___ DATA SUPPLIED

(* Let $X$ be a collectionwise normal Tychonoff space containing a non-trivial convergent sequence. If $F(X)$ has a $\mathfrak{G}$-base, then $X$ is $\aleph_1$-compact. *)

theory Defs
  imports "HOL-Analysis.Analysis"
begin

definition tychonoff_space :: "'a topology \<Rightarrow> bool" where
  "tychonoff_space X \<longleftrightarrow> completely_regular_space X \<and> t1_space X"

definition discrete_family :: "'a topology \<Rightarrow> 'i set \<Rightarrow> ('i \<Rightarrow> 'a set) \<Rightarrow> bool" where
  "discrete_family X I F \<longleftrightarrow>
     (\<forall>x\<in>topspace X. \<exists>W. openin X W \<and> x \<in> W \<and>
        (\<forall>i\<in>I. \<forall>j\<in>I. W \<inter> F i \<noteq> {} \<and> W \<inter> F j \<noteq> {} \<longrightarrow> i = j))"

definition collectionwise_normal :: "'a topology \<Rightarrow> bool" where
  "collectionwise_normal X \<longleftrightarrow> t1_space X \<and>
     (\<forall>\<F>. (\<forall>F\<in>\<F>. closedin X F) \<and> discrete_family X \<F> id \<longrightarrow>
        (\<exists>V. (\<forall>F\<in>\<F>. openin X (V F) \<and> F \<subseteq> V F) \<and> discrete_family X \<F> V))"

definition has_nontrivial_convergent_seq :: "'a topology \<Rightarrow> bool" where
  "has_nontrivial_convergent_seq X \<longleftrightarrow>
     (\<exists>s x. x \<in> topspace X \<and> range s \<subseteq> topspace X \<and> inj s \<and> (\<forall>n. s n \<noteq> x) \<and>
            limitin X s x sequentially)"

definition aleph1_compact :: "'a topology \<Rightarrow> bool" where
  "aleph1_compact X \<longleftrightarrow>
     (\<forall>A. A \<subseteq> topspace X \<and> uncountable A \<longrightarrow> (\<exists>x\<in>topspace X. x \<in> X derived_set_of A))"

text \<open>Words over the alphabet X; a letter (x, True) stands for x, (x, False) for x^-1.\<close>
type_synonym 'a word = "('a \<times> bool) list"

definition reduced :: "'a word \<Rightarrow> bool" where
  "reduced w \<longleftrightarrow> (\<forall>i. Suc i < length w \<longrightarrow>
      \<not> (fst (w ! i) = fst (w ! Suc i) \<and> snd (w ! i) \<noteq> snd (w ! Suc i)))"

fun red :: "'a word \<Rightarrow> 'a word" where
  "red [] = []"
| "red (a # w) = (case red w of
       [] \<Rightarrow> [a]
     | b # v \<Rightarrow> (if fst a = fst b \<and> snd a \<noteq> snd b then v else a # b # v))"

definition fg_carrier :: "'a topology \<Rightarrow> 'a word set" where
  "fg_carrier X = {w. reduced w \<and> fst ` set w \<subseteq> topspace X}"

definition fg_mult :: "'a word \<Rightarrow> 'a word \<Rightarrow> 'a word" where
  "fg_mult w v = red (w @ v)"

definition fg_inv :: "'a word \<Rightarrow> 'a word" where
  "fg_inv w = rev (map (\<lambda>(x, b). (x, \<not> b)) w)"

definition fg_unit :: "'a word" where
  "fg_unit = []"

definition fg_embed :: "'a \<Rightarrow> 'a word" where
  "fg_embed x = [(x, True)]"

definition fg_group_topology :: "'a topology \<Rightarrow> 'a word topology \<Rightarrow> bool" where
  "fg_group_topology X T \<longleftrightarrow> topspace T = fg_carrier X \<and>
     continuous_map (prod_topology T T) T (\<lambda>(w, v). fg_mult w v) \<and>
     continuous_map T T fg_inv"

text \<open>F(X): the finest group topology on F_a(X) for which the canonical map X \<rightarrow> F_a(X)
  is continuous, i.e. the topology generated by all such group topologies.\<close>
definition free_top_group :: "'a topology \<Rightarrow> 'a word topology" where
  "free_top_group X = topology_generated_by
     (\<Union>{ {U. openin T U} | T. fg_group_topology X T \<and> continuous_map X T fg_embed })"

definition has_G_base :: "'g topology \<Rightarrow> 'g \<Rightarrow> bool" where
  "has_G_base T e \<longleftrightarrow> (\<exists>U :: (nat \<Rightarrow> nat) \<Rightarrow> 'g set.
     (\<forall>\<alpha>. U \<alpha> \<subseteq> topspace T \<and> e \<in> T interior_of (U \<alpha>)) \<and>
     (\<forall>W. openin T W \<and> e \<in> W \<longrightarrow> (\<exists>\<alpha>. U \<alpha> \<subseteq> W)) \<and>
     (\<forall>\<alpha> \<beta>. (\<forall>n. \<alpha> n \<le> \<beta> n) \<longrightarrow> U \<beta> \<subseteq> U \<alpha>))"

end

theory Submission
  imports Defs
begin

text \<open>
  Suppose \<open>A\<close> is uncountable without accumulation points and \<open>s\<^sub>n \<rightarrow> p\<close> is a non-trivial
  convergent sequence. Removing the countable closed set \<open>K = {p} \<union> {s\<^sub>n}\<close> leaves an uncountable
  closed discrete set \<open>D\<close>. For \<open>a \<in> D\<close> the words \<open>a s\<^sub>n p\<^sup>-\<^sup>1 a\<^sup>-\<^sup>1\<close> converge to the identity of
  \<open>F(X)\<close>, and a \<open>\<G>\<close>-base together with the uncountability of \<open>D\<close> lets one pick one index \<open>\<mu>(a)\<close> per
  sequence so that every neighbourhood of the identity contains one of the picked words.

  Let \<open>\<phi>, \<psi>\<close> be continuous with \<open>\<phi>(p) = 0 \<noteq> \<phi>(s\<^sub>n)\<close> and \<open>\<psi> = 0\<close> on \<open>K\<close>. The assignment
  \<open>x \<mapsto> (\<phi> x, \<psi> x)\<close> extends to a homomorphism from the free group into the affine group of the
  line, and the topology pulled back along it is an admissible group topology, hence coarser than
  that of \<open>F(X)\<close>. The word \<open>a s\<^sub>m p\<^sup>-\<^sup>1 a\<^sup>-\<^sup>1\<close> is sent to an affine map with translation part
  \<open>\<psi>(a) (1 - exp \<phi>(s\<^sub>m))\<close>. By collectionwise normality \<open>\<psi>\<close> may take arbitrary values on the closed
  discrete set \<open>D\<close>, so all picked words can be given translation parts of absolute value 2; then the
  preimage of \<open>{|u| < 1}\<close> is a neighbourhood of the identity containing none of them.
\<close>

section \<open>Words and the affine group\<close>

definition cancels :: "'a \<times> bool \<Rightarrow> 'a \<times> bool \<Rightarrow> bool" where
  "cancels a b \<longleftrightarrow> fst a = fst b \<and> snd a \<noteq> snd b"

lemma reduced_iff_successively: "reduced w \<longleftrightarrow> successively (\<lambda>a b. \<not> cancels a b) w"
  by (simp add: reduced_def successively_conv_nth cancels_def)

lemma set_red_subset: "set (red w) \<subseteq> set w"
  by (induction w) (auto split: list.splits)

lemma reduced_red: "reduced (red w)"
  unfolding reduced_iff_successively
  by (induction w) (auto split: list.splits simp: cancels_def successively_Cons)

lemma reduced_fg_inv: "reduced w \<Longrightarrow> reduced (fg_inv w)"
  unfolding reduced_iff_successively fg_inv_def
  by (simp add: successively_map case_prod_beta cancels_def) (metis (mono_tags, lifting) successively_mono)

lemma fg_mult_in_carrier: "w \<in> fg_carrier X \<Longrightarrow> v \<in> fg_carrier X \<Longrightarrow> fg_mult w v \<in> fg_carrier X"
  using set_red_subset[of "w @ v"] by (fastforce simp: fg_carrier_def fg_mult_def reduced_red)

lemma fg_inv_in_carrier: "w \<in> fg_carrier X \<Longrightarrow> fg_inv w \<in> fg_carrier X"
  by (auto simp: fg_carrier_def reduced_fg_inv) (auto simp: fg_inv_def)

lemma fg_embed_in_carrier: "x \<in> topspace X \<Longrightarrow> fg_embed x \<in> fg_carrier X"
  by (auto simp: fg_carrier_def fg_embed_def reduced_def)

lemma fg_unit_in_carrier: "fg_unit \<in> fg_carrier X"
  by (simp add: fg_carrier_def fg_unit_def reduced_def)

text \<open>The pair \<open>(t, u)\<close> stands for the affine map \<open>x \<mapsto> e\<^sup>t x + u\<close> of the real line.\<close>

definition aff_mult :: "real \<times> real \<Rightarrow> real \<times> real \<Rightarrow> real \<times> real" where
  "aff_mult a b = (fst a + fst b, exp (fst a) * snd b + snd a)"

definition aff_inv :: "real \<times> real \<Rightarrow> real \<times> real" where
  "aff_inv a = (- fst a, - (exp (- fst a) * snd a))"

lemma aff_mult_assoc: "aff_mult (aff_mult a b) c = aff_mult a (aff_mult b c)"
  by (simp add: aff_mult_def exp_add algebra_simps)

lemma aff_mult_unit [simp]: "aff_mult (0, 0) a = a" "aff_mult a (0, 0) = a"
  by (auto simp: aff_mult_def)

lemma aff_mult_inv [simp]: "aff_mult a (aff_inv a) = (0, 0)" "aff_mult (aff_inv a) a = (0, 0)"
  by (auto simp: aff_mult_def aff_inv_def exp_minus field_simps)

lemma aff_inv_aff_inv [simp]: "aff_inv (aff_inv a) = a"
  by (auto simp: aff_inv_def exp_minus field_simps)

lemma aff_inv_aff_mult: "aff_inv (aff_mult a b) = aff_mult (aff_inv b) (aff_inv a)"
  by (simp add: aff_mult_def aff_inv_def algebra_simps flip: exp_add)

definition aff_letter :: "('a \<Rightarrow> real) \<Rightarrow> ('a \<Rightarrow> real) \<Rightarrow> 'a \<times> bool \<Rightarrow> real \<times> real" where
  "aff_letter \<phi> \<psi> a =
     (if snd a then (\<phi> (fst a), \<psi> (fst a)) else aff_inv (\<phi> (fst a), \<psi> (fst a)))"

______
___ DATA SUPPLIED

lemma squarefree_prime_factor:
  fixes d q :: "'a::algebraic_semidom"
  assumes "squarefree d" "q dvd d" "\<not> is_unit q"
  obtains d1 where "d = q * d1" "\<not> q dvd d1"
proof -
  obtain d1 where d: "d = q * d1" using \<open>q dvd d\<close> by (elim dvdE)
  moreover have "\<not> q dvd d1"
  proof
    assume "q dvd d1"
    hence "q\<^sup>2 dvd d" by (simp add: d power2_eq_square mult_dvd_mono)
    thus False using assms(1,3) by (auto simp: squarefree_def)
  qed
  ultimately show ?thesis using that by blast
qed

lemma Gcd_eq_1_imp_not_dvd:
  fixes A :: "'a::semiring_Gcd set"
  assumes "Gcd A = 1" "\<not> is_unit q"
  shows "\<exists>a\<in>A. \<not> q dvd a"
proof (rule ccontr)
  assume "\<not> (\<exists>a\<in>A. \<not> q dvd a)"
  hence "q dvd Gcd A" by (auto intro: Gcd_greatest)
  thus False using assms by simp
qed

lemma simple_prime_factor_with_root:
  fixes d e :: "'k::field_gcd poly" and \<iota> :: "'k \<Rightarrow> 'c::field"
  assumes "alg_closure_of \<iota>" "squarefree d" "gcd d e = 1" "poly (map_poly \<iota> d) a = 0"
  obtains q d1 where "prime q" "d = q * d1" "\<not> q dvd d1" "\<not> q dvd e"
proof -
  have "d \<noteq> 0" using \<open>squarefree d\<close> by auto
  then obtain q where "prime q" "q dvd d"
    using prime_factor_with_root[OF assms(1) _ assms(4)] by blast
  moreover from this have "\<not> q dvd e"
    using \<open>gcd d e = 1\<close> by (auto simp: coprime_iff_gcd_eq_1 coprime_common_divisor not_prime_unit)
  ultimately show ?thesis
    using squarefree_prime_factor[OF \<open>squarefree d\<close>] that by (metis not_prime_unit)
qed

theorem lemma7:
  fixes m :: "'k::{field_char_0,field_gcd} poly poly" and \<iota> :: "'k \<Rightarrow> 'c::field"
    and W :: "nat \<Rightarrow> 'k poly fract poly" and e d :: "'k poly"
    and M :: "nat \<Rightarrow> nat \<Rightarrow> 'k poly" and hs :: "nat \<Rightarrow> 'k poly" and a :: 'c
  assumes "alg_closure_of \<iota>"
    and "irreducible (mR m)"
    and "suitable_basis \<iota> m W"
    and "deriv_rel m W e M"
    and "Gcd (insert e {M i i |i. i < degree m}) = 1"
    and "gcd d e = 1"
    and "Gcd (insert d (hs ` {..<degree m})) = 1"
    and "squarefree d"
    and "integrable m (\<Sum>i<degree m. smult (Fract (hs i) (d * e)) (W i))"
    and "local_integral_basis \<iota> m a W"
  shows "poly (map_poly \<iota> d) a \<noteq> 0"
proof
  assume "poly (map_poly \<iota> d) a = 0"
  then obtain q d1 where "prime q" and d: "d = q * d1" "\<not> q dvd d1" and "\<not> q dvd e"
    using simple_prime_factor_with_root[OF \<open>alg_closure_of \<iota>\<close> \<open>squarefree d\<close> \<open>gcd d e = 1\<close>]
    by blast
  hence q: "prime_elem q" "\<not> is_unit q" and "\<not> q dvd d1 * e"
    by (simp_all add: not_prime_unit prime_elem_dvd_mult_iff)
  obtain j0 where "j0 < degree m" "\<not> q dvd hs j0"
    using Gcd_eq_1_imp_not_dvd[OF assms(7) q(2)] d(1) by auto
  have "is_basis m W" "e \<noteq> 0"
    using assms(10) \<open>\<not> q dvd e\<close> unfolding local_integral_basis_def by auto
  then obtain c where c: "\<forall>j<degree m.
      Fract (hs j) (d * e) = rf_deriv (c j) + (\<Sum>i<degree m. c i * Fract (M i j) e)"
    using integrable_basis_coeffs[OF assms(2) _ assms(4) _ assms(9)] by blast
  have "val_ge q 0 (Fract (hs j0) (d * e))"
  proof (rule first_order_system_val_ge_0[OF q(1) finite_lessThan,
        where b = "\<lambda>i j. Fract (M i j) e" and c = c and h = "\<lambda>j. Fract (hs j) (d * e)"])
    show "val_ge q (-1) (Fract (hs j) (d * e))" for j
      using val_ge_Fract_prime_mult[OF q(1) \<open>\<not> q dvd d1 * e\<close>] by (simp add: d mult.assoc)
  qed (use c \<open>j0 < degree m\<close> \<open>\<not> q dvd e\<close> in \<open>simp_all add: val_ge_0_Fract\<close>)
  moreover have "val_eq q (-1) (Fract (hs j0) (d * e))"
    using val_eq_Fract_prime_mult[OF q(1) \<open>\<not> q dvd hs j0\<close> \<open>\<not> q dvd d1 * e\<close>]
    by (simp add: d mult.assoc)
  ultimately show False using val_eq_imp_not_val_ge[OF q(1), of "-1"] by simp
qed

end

______

Above are the records; from them, give again exactly the lines from the one containing "by (simp add: aff_mult_def exp_add" through the one containing "(if snd a then", both included.

### RESPONSE AREA
  by (simp add: aff_mult_def exp_add algebra_simps)

lemma aff_mult_unit [simp]: "aff_mult (0, 0) a = a" "aff_mult a (0, 0) = a"
  by (auto simp: aff_mult_def)

lemma aff_mult_inv [simp]: "aff_mult a (aff_inv a) = (0, 0)" "aff_mult (aff_inv a) a = (0, 0)"
  by (auto simp: aff_mult_def aff_inv_def exp_minus field_simps)

lemma aff_inv_aff_inv [simp]: "aff_inv (aff_inv a) = a"
  by (auto simp: aff_inv_def exp_minus field_simps)

lemma aff_inv_aff_mult: "aff_inv (aff_mult a b) = aff_mult (aff_inv b) (aff_inv a)"
  by (simp add: aff_mult_def aff_inv_def algebra_simps flip: exp_add)

definition aff_letter :: "('a \<Rightarrow> real) \<Rightarrow> ('a \<Rightarrow> real) \<Rightarrow> 'a \<times> bool \<Rightarrow> real \<times> real" where
  "aff_letter \<phi> \<psi> a =
     (if snd a then (\<phi> (fst a), \<psi> (fst a)) else aff_inv (\<phi> (fst a), \<psi> (fst a)))"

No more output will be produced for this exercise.